The Ameen Sayani radio programme has inexplicably gone off the air leaving me to face the torrent of abuses and attacks, and still some of the music played redeems the enormity of scope that the medium has to offer.

Proving my penchant for the zeitgeist and “with it” countenance, I now proceed to pen my thoughts on the first of the Harry Potter films-The Sorcerer’s Stone. I felt utterly betrayed as this flick could have hit home with any of these-the down-in-the-dumps demeanour of a societally discarded orphan as the protagonist, the first frills of excitement at learning for the first time that somebody cared-as the letters started to fly in, the buzz and the thrills as the allocation of School Houses happened, the will-never-quite-make-it disquiet of a Ron Weasley, the magic of learning something new and the first encounters with power, among others. Instead the director chose inexplicably to ignore all this and show in painstaking detail the wiles of Quidditch, the romp in the dark eliciting nary a shiver in the forest, and most unforgivably giving us an insipid, spineless, absolutely unlovable Harry.

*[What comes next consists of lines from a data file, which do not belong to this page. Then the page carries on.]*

(* Let $F:\mathbb{P}(n)\to\mathbb{P}(n)$, $F(\Sigma)=I*\Sigma$. Then the maximum and minimum eigenvalues of $F(\Sigma)$ are monotone in $\Sigma$: if $\Sigma_1,\Sigma_2\in\mathbb{P}(n)$ with $\Sigma_1\preceq\Sigma_2$, then $\lambda_{\max}(I*\Sigma_1)\le\lambda_{\max}(I*\Sigma_2)$ and $\lambda_{\min}(I*\Sigma_1)\le\lambda_{\min}(I*\Sigma_2)$.
   Context: $\mathbb{P}(n)$ denotes the cone of $n\times n$ positive definite Hermitian matrices and $\preceq$ is the Löwner order ($A\preceq B$ iff $B-A$ is positive semidefinite). For $A,B\in\mathbb{P}(n)$, with $\lambda_{\max},\lambda_{\min}$ the largest and smallest eigenvalues of $BA^{-1}$, define $A*B=\frac{1}{\sqrt{\lambda_{\min}}+\sqrt{\lambda_{\max}}}\left(B+\sqrt{\lambda_{\min}\lambda_{\max}}\,A\right)$. *)

theory Defs
  imports "HOL-Analysis.Analysis"
begin

text \<open>Square complex matrices of a fixed (arbitrary, finite) dimension n = CARD('n).\<close>

definition adjoint_mat :: "complex^'n^'n \<Rightarrow> complex^'n^'n" where
  "adjoint_mat A = (\<chi> i j. cnj (A $ j $ i))"

definition hermitian_mat :: "complex^'n^'n \<Rightarrow> bool" where
  "hermitian_mat A \<longleftrightarrow> adjoint_mat A = A"

definition qform :: "complex^'n^'n \<Rightarrow> complex^'n \<Rightarrow> complex" where
  "qform A x = (\<Sum>i\<in>UNIV. cnj (x $ i) * (A *v x) $ i)"

definition pos_def_mat :: "complex^'n^'n \<Rightarrow> bool" where
  "pos_def_mat A \<longleftrightarrow> hermitian_mat A \<and> (\<forall>x. x \<noteq> 0 \<longrightarrow> Re (qform A x) > 0)"

definition pos_semidef_mat :: "complex^'n^'n \<Rightarrow> bool" where
  "pos_semidef_mat A \<longleftrightarrow> hermitian_mat A \<and> (\<forall>x. Re (qform A x) \<ge> 0)"

definition loewner_le :: "complex^'n^'n \<Rightarrow> complex^'n^'n \<Rightarrow> bool" where
  "loewner_le A B \<longleftrightarrow> pos_semidef_mat (B - A)"

text \<open>Real eigenvalues of a complex matrix (all eigenvalues of the matrices
  considered here, Hermitian matrices and B A^{-1} with A, B positive definite, are real).\<close>
definition real_eigenvalues :: "complex^'n^'n \<Rightarrow> real set" where
  "real_eigenvalues M = {l. \<exists>v. v \<noteq> 0 \<and> M *v v = complex_of_real l *s v}"

definition lambda_max :: "complex^'n^'n \<Rightarrow> real" where
  "lambda_max M = Max (real_eigenvalues M)"

definition lambda_min :: "complex^'n^'n \<Rightarrow> real" where
  "lambda_min M = Min (real_eigenvalues M)"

Maybe there are certain elements in a book-the sinuous undulations of the plot, our experiencing the cast with our interpretations and analysis, our pace of absorption and bonding with the characters, and mostly our untrammeled freedom in getting into the skins of the characters, living like them , feeling like them, breathing like them-and all this is cruelly denied by the manic compulsions of a auteur impelled to create a spectacle for us that is spell-binding, memorable and perhaps being true to the work is a small price to pay.

The Euro 2004 has gone true to type in confounding the brazen predictions of the couch potatoes-Holland has been handily beaten, Portugal is struggling, Italy is squeaking and all is well with the world. I heard a smart-alec at the Nagpur airport mouth his odes to the comparative merits of Zi-Zou & Becks to his admiring friend, I should have strangled him but due to certain physical compulsions ( carrying two heavy bags ) and civic banalities, the dude lives on somewhere in Bombay. Is there no such thing as a sports/literary fatwa ??